• [YOUR INSTRUCTIONS]:
Output, word for word, the lines of this listing that fall between the line with "0 then embed_pmf" and the line with "(prev ^^ k)", counting both of those lines, and no others.

• [SOURCE RECORDS]:
━━━

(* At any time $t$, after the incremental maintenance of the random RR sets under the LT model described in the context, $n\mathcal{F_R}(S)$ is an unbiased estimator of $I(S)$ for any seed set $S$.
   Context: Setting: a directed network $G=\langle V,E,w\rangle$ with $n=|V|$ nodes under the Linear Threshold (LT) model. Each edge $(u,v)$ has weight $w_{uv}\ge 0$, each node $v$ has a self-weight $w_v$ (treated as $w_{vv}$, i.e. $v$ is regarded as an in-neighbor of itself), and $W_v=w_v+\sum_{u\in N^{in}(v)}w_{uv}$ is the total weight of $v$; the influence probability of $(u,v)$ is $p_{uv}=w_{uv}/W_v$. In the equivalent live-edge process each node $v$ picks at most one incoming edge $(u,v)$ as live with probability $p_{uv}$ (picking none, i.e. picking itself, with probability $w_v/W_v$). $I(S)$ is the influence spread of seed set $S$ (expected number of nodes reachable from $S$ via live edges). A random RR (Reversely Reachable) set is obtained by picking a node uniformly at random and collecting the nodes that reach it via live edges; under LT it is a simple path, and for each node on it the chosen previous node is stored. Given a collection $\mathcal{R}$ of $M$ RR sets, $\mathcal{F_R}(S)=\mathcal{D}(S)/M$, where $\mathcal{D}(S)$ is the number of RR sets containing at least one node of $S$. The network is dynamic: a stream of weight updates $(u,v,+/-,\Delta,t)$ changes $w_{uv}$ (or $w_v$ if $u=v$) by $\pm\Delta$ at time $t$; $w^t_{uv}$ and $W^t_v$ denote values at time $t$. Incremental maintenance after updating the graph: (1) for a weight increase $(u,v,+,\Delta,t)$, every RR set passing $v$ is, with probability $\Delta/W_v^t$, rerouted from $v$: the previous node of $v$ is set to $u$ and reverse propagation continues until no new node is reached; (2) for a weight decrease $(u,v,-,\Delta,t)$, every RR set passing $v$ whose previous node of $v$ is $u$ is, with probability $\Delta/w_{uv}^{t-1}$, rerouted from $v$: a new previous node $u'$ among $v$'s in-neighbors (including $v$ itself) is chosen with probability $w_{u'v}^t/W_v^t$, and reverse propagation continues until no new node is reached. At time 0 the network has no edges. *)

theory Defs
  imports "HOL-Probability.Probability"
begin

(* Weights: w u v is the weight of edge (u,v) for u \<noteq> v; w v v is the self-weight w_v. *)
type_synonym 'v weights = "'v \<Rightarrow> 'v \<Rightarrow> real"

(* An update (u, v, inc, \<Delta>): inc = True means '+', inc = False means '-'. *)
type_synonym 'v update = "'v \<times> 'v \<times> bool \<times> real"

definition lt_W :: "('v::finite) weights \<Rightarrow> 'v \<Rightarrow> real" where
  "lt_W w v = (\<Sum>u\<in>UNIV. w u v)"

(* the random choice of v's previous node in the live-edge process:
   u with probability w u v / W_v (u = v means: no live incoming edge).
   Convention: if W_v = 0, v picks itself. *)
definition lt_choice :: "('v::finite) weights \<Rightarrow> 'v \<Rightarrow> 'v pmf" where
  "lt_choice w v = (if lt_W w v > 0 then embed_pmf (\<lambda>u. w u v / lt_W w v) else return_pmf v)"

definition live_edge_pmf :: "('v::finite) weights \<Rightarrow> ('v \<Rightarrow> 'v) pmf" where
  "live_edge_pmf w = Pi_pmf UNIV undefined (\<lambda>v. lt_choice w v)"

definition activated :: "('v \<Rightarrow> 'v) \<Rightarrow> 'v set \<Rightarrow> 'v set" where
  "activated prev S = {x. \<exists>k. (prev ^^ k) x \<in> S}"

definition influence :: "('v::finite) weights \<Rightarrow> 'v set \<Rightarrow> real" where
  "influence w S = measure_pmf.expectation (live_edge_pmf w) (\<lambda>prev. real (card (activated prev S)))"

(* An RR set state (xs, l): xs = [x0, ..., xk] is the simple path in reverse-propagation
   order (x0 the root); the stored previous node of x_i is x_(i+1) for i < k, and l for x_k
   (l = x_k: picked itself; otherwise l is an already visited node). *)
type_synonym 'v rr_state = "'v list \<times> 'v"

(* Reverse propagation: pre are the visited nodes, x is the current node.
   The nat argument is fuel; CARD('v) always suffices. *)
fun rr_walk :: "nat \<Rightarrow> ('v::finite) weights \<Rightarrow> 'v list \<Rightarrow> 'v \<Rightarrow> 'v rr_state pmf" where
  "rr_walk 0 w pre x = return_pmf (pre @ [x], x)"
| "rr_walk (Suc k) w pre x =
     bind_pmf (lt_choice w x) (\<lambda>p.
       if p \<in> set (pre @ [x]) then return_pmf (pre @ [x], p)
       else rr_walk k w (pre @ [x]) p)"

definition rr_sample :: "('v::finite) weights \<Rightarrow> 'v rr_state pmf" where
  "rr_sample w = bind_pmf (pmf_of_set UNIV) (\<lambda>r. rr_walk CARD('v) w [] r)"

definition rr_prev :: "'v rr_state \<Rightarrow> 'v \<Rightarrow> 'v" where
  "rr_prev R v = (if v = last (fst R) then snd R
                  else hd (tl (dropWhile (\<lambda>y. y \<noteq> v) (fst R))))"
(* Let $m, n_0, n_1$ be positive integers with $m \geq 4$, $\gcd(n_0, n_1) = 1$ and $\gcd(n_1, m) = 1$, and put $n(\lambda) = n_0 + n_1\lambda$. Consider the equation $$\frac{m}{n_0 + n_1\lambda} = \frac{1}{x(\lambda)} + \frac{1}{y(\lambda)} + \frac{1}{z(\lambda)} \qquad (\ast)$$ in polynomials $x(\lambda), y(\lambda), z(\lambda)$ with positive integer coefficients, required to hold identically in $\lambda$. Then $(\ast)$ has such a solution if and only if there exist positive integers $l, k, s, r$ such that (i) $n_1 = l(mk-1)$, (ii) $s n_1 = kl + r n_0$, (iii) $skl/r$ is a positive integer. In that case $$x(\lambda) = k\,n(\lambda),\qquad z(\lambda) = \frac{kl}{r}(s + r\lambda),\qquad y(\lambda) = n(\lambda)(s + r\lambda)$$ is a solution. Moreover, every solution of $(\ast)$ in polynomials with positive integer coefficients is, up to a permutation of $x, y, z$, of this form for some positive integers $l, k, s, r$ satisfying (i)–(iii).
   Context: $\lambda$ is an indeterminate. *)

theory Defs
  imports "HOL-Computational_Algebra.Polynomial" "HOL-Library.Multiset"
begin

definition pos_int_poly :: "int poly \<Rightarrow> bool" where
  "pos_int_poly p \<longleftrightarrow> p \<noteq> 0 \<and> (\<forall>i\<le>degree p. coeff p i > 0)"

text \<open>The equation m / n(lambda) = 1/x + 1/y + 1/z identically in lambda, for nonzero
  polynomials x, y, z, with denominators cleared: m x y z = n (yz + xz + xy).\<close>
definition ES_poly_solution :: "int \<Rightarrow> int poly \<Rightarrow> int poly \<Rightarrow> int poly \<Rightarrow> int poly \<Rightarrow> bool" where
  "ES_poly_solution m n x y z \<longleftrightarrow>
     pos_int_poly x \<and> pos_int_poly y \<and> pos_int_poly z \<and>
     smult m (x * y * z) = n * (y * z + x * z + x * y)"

━━━

• [RESPONSE]:
  "lt_choice w v = (if lt_W w v > 0 then embed_pmf (\<lambda>u. w u v / lt_W w v) else return_pmf v)"

definition live_edge_pmf :: "('v::finite) weights \<Rightarrow> ('v \<Rightarrow> 'v) pmf" where
  "live_edge_pmf w = Pi_pmf UNIV undefined (\<lambda>v. lt_choice w v)"

definition activated :: "('v \<Rightarrow> 'v) \<Rightarrow> 'v set \<Rightarrow> 'v set" where
  "activated prev S = {x. \<exists>k. (prev ^^ k) x \<in> S}"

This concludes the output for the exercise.